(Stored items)

+++++

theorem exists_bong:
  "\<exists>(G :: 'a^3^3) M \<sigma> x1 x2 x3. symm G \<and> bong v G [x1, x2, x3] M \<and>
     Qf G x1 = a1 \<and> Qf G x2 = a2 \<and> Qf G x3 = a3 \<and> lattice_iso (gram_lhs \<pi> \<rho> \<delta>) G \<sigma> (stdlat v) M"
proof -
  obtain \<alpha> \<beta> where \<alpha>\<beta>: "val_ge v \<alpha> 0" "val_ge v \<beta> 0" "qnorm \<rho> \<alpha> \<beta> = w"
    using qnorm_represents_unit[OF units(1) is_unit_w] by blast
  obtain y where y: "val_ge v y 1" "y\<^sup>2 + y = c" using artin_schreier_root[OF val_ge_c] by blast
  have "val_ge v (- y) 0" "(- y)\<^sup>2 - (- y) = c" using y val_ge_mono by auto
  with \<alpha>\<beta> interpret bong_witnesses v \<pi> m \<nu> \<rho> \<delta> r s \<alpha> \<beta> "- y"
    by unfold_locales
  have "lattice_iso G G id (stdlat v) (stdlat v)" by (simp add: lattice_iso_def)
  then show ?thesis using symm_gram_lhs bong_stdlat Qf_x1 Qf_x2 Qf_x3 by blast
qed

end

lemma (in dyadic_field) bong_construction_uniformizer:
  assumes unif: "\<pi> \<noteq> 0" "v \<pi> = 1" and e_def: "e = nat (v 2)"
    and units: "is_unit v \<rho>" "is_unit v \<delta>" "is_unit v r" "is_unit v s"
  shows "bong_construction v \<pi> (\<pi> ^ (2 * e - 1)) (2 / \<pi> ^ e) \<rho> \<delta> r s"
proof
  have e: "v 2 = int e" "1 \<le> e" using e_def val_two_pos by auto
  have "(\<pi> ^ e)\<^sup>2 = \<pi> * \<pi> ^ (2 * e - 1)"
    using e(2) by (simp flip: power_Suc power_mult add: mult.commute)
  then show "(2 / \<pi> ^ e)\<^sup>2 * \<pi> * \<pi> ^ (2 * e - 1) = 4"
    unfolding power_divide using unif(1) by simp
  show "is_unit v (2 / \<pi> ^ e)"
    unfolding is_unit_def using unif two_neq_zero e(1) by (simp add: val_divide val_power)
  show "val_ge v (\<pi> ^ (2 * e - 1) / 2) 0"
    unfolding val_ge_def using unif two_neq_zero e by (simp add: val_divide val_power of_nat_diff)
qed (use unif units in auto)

+++++

» **Exercise brief**: Return the lines above exactly, keeping every word.

» **Reply to the exercise**:
theorem exists_bong:
  "\<exists>(G :: 'a^3^3) M \<sigma> x1 x2 x3. symm G \<and> bong v G [x1, x2, x3] M \<and>
     Qf G x1 = a1 \<and> Qf G x2 = a2 \<and> Qf G x3 = a3 \<and> lattice_iso (gram_lhs \<pi> \<rho> \<delta>) G \<sigma> (stdlat v) M"
proof -
  obtain \<alpha> \<beta> where \<alpha>\<beta>: "val_ge v \<alpha> 0" "val_ge v \<beta> 0" "qnorm \<rho> \<alpha> \<beta> = w"
    using qnorm_represents_unit[OF units(1) is_unit_w] by blast
  obtain y where y: "val_ge v y 1" "y\<^sup>2 + y = c" using artin_schreier_root[OF val_ge_c] by blast
  have "val_ge v (- y) 0" "(- y)\<^sup>2 - (- y) = c" using y val_ge_mono by auto
  with \<alpha>\<beta> interpret bong_witnesses v \<pi> m \<nu> \<rho> \<delta> r s \<alpha> \<beta> "- y"
    by unfold_locales
  have "lattice_iso G G id (stdlat v) (stdlat v)" by (simp add: lattice_iso_def)
  then show ?thesis using symm_gram_lhs bong_stdlat Qf_x1 Qf_x2 Qf_x3 by blast
qed

end

lemma (in dyadic_field) bong_construction_uniformizer:
  assumes unif: "\<pi> \<noteq> 0" "v \<pi> = 1" and e_def: "e = nat (v 2)"
    and units: "is_unit v \<rho>" "is_unit v \<delta>" "is_unit v r" "is_unit v s"
  shows "bong_construction v \<pi> (\<pi> ^ (2 * e - 1)) (2 / \<pi> ^ e) \<rho> \<delta> r s"
proof
  have e: "v 2 = int e" "1 \<le> e" using e_def val_two_pos by auto
  have "(\<pi> ^ e)\<^sup>2 = \<pi> * \<pi> ^ (2 * e - 1)"
    using e(2) by (simp flip: power_Suc power_mult add: mult.commute)
  then show "(2 / \<pi> ^ e)\<^sup>2 * \<pi> * \<pi> ^ (2 * e - 1) = 4"
    unfolding power_divide using unif(1) by simp
  show "is_unit v (2 / \<pi> ^ e)"
    unfolding is_unit_def using unif two_neq_zero e(1) by (simp add: val_divide val_power)
  show "val_ge v (\<pi> ^ (2 * e - 1) / 2) 0"
    unfolding val_ge_def using unif two_neq_zero e by (simp add: val_divide val_power of_nat_diff)
qed (use unif units in auto)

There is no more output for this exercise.